Comp 7 / Bio 40 Lab 2: Advanced BLAST

September 17, 2019

Purpose of this lab

To help students develop greater familiarity with interpreting results of the larger family of BLAST programs; to offer practice with Python functions, Booleans, conditionals, control flow, keyboard input, and problem solving.

General information (Review from last time)

You can find most of the web links you need for this lab from the "Links" tab on the course web site.

Writing your lab notes

Recall that you should be documenting the queries you run in your writeup. Please use Word, or any another document editor that allows you to save your results in pdf format.

Using the Filesystem

Note that you need to be sure to save files in or below your home directory (drive Z:\ on the lab machines), not to the local desktop, to ensure that they will be saved once you log out and will be accessible from other lab machines. You may want to create folders and substructure (e.g., "comp7" or "lab1" folders) to keep the file contents manageable.

Starting IDLE and creating new files

To start IDLE on the lab machines, you should now find a shortcut to Python 2.7 (slightly newer and less buggy than Python 2.6) on the desktop on the lab machines. Click on that and it should start up an IDLE window. If you can't find the shortcut on the desktop, click on the Windows icon in the lower left corner of the screen, and then on the programs listing, scroll down to Python 2.6 and run "IDLE (Python GUI)" below that. This will start IDLE.

To create a new python file, click on the File menu and choose "New Window" or "New File" (depending on the version). This will pop up a new editor window with a blank python script. To save it, click on the File menu and select "Save". Type in the filename: e.g., call it "SomeName.py" - the ".py" extension is important. It tells you - and various computer programs - that this text file contains a Python script. Choose a location on the Z drive for your file.

The first line of your Python script should be a comment line that gives both of your names.

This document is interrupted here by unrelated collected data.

(* Under the assumptions of the initial condition $p_0(X,n)=\rho_0(n)\sum_\nu\prod_{i=1}^n p_0^i(x_{\nu_i})$ (exactly $n$ targets, $\rho_0(n)=1$, pairwise distinct $p_0^i$), let the predicted pdf be $p_1^-(X,n)=\rho_0(n)\sum_\nu\prod_i p_1^{i-}(x_{\nu_i})$ with $p_1^{i-}(x)=\int p(x\mid x')p_0^i(x')dx'$, and let a measurement set $Z_1=\{z^1_1,\dots,z^1_m\}$ be received. Then the Bayes-updated MT pdf $p_1(X,n\mid Z_1)=\dfrac{p(Z_1\mid X,n)\,p_1^-(X,n)}{\sum_{q}\frac{1}{q!}\int p(Z_1\mid X',q)\,p_1^-(X',q)\,dX'}$ equals $$p_1(X,n\mid Z_1)=\sum_{\sigma^{(n)}}\omega_1^{\sigma^{(n)}}\sum_\nu\prod_{i=1}^n p_1^i\big(x_{\nu_i}\mid z^1_{\sigma^{(n)}_i}\big),$$ where the sum is over all data association hypotheses $\sigma^{(n)}$ for $n$ targets, $$p_1^i(x\mid z)=\begin{cases}\dfrac{p(z\mid x)p_1^{i-}(x)}{\int p(z\mid x')p_1^{i-}(x')dx'}, & z\neq\phi,\\ p_1^{i-}(x), & z=\phi,\end{cases}$$ $$\omega_1^{\sigma^{(n)}}=\frac{l_{\sigma^{(n)}}\,p(\sigma^{(n)}\mid n)\,\rho_0(n)}{\sum_{q}\sum_{\nu^{(q)}}l_{\nu^{(q)}}\,p(\nu^{(q)}\mid q)\,\rho_0(q)},\qquad l_{\sigma^{(n)}}=\frac{k!}{V^k}\prod_{i=1}^n\int p(z^1_{\sigma^{(n)}_i}\mid x)\,p_1^{i-}(x)\,dx,$$ with $k$ the number of measurements that $\sigma^{(n)}$ assigns to clutter (and the denominator sums over all cardinalities $q$ and all $q$-target data associations $\nu^{(q)}$).
   Context: A multi-target (MT) pdf is a function $p(X,n)$ of a cardinality $n$ and an unordered collection $X=\{x_1,\dots,x_n\}$ of points in $\mathbb{R}^d$; $\sum_\nu$ is the sum over all permutations $\nu$ of $\{1,\dots,n\}$; the integral over $n$-element collections is $\frac{1}{n!}\int\cdot\,dx_1\cdots dx_n$. Single-target transition density $p(x\mid x')$, single-target likelihood $p(z\mid x)$. Given measurements $Z=\{z_1,\dots,z_m\}$, a data association hypothesis for $n$ targets is $\sigma^{(n)}=(\sigma^{(n)}_1,\dots,\sigma^{(n)}_n)$ with $\sigma^{(n)}_i\in\{z_1,\dots,z_m,\phi\}$, each measurement assigned to at most one target ($\phi$ = missed detection); the $k$ measurements not assigned to any target are clutter, so $m-k$ targets are detected. Convention: $p(\phi\mid x)=1$. The MT likelihood is $p(Z\mid X,n)=\sum_{\sigma^{(n)}}p(Z\mid\sigma^{(n)},X,n)\,p(\sigma^{(n)}\mid n)$ with a priori probability $p(\sigma^{(n)}\mid n)=p_D^{m-k}(1-p_D)^{n-(m-k)}e^{-\lambda V}\frac{(\lambda V)^k}{k!}$ (detection probability $p_D$, Poisson clutter of rate $\lambda$ uniform on sensor volume $V$) and $p(Z\mid\sigma^{(n)},X,n)=\frac{k!}{V^k}\prod_{i=1}^n p(z_{\sigma^{(n)}_i}\mid x_i)$. *)

theory Defs
  imports "HOL-Analysis.Analysis" "HOL-Combinatorics.Permutations"
begin

text \<open>Targets live in a Euclidean space 'a (standing for R^d), measurements in
a Euclidean space 'b.  An n-element collection X = {x_1,...,x_n} is represented by a function
X :: nat \<Rightarrow> 'a, whose values at 0,...,n-1 are the points (indices shifted by one).
The measurement set Z = {z_1,...,z_m} is a function z :: nat \<Rightarrow> 'b on {..<m}.
A data association hypothesis for n targets is sigma :: nat \<Rightarrow> nat option:
sigma i = Some j means target i is assigned measurement z j, sigma i = None means phi
(missed detection); sigma is None outside {..<n}.\<close>

definition assoc :: "nat \<Rightarrow> nat \<Rightarrow> (nat \<Rightarrow> nat option) set" where
  "assoc n m = {\<sigma>. (\<forall>i. n \<le> i \<longrightarrow> \<sigma> i = None)
                  \<and> (\<forall>i<n. \<forall>j. \<sigma> i = Some j \<longrightarrow> j < m)
                  \<and> (\<forall>i<n. \<forall>i'<n. \<sigma> i = \<sigma> i' \<and> \<sigma> i \<noteq> None \<longrightarrow> i = i')}"

definition ndet :: "nat \<Rightarrow> (nat \<Rightarrow> nat option) \<Rightarrow> nat" where
  "ndet n \<sigma> = card {i\<in>{..<n}. \<sigma> i \<noteq> None}"

definition nclutter :: "nat \<Rightarrow> nat \<Rightarrow> (nat \<Rightarrow> nat option) \<Rightarrow> nat" where
  "nclutter m n \<sigma> = m - ndet n \<sigma>"

definition prior_assoc :: "real \<Rightarrow> real \<Rightarrow> real \<Rightarrow> nat \<Rightarrow> nat \<Rightarrow> (nat \<Rightarrow> nat option) \<Rightarrow> real" where
  "prior_assoc pD lam V m n \<sigma> =
     pD ^ ndet n \<sigma> * (1 - pD) ^ (n - ndet n \<sigma>) * exp (- lam * V)
       * (lam * V) ^ nclutter m n \<sigma> / fact (nclutter m n \<sigma>)"

definition meas_lik :: "('b \<Rightarrow> 'a \<Rightarrow> real) \<Rightarrow> (nat \<Rightarrow> 'b) \<Rightarrow> nat option \<Rightarrow> 'a \<Rightarrow> real" where
  "meas_lik g z oz x = (case oz of None \<Rightarrow> 1 | Some j \<Rightarrow> g (z j) x)"

definition assoc_lik :: "('b \<Rightarrow> 'a \<Rightarrow> real) \<Rightarrow> (nat \<Rightarrow> 'b) \<Rightarrow> real \<Rightarrow> nat \<Rightarrow> nat
     \<Rightarrow> (nat \<Rightarrow> nat option) \<Rightarrow> (nat \<Rightarrow> 'a) \<Rightarrow> real" where
  "assoc_lik g z V m n \<sigma> X =
     fact (nclutter m n \<sigma>) / V ^ nclutter m n \<sigma> * (\<Prod>i<n. meas_lik g z (\<sigma> i) (X i))"

definition MT_lik :: "('b \<Rightarrow> 'a \<Rightarrow> real) \<Rightarrow> (nat \<Rightarrow> 'b) \<Rightarrow> real \<Rightarrow> real \<Rightarrow> real \<Rightarrow> nat
     \<Rightarrow> (nat \<Rightarrow> 'a) \<Rightarrow> nat \<Rightarrow> real" where
  "MT_lik g z pD lam V m X n =
     (\<Sum>\<sigma>\<in>assoc n m. assoc_lik g z V m n \<sigma> X * prior_assoc pD lam V m n \<sigma>)"

definition rho0 :: "nat \<Rightarrow> nat \<Rightarrow> real" where
  "rho0 N n = (if n = N then 1 else 0)"

definition MT_pdf :: "(nat \<Rightarrow> real) \<Rightarrow> (nat \<Rightarrow> 'a \<Rightarrow> real) \<Rightarrow> (nat \<Rightarrow> 'a) \<Rightarrow> nat \<Rightarrow> real" where
  "MT_pdf \<rho> p X n = \<rho> n * (\<Sum>\<nu>\<in>{\<nu>. \<nu> permutes {..<n}}. \<Prod>i<n. p i (X (\<nu> i)))"

definition pred_single :: "('a::euclidean_space \<Rightarrow> 'a \<Rightarrow> real) \<Rightarrow> (nat \<Rightarrow> 'a \<Rightarrow> real) \<Rightarrow> nat \<Rightarrow> 'a \<Rightarrow> real" where
  "pred_single f p0 i x = (\<integral>x'. f x x' * p0 i x' \<partial>lborel)"

definition post_single :: "('b \<Rightarrow> 'a::euclidean_space \<Rightarrow> real) \<Rightarrow> (nat \<Rightarrow> 'b) \<Rightarrow> (nat \<Rightarrow> 'a \<Rightarrow> real)
     \<Rightarrow> nat \<Rightarrow> 'a \<Rightarrow> nat option \<Rightarrow> real" where
  "post_single g z pm i x oz = (case oz of None \<Rightarrow> pm i x
     | Some j \<Rightarrow> g (z j) x * pm i x / (\<integral>x'. g (z j) x' * pm i x' \<partial>lborel))"

definition l_weight :: "('b \<Rightarrow> 'a::euclidean_space \<Rightarrow> real) \<Rightarrow> (nat \<Rightarrow> 'b) \<Rightarrow> (nat \<Rightarrow> 'a \<Rightarrow> real)
     \<Rightarrow> real \<Rightarrow> nat \<Rightarrow> nat \<Rightarrow> (nat \<Rightarrow> nat option) \<Rightarrow> real" where
  "l_weight g z pm V m n \<sigma> =
     fact (nclutter m n \<sigma>) / V ^ nclutter m n \<sigma>
       * (\<Prod>i<n. \<integral>x. meas_lik g z (\<sigma> i) x * pm i x \<partial>lborel)"

definition omega :: "('b \<Rightarrow> 'a::euclidean_space \<Rightarrow> real) \<Rightarrow> (nat \<Rightarrow> 'b) \<Rightarrow> (nat \<Rightarrow> 'a \<Rightarrow> real)
     \<Rightarrow> (nat \<Rightarrow> real) \<Rightarrow> real \<Rightarrow> real \<Rightarrow> real \<Rightarrow> nat \<Rightarrow> nat \<Rightarrow> (nat \<Rightarrow> nat option) \<Rightarrow> real" where
  "omega g z pm \<rho> pD lam V m n \<sigma> =
     l_weight g z pm V m n \<sigma> * prior_assoc pD lam V m n \<sigma> * \<rho> n /
     (\<Sum>q. \<Sum>\<nu>\<in>assoc q m. l_weight g z pm V m q \<nu> * prior_assoc pD lam V m q \<nu> * \<rho> q)"

text \<open>Bayes update of an MT pdf p^- : integral over n-element collections is
  1/n! times the integral over (R^d)^n (product of Lebesgue measures)\<close>
definition bayes_update :: "((nat \<Rightarrow> 'a::euclidean_space) \<Rightarrow> nat \<Rightarrow> real) \<Rightarrow> ((nat \<Rightarrow> 'a) \<Rightarrow> nat \<Rightarrow> real)
     \<Rightarrow> (nat \<Rightarrow> 'a) \<Rightarrow> nat \<Rightarrow> real" where
  "bayes_update L pminus X n =
     L X n * pminus X n /
     (\<Sum>q. 1 / fact q * (\<integral>X'. L X' q * pminus X' q \<partial>(PiM {..<q} (\<lambda>_. lborel))))"

end

theory Submission
  imports Defs
begin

E.g.,

# This is the solution to Lab 2, problem 1, by Joe Shmoe and Penny Python

Lab problems

  1. Simple function:

    For this problem, you will write a function that takes no input arguments and returns nothing, but that reads input from and prints output to the console. Specifically, define a function called simple() that uses the raw_input() function (as in the Pyg Latin assignment in Codecademy) to prompt the user to input a string. Save that string in a variable. Then have the function print out a message saying whether the string is all uppercase or not.

    (Hint: you already know a function to make a string uppercase, and you know how to compare strings to each other. How you use these to determine if the input string is in uppercase?)

    Write a "main" part of the program, below the function definition, that just calls this function twice.

    Save the program as simple.py, and submit it on Gradescope for problem 1.

  2. In Between?

    Locations of sequence mutations are often specified by a particular position in a defined region of genomic sequence. One important question is whether the mutation affects the coding sequence of a protein or not.

    For this problem, we will address a simplified version of this question. We will write a Python function called inExon that takes three integer arguments: start, end, and mutation.

    The first two should represent the start and end positions of an exon in a gene's genomic sequence. The third represents the position of the mutation. The function should use a single if/elif/else block to determine whether the third number is in between the other two. Recall that you can use and, or, and not in constructing your statements.

    If the mutation position is between the other two, have the function return the Boolean value True. Otherwise, have it return False.

    To make this question straightforward, you may assume that the input is correct and well-behaved: that the input values are all integers, and that you are getting forward strand position numbers so that the start position is strictly less than the end position.

    To complete the program, write a main program that uses the raw_input() function to read these three values from the console. Use the int() function to convert these values, which will be input as strings, to integers. Then call your function with these three values as arguments.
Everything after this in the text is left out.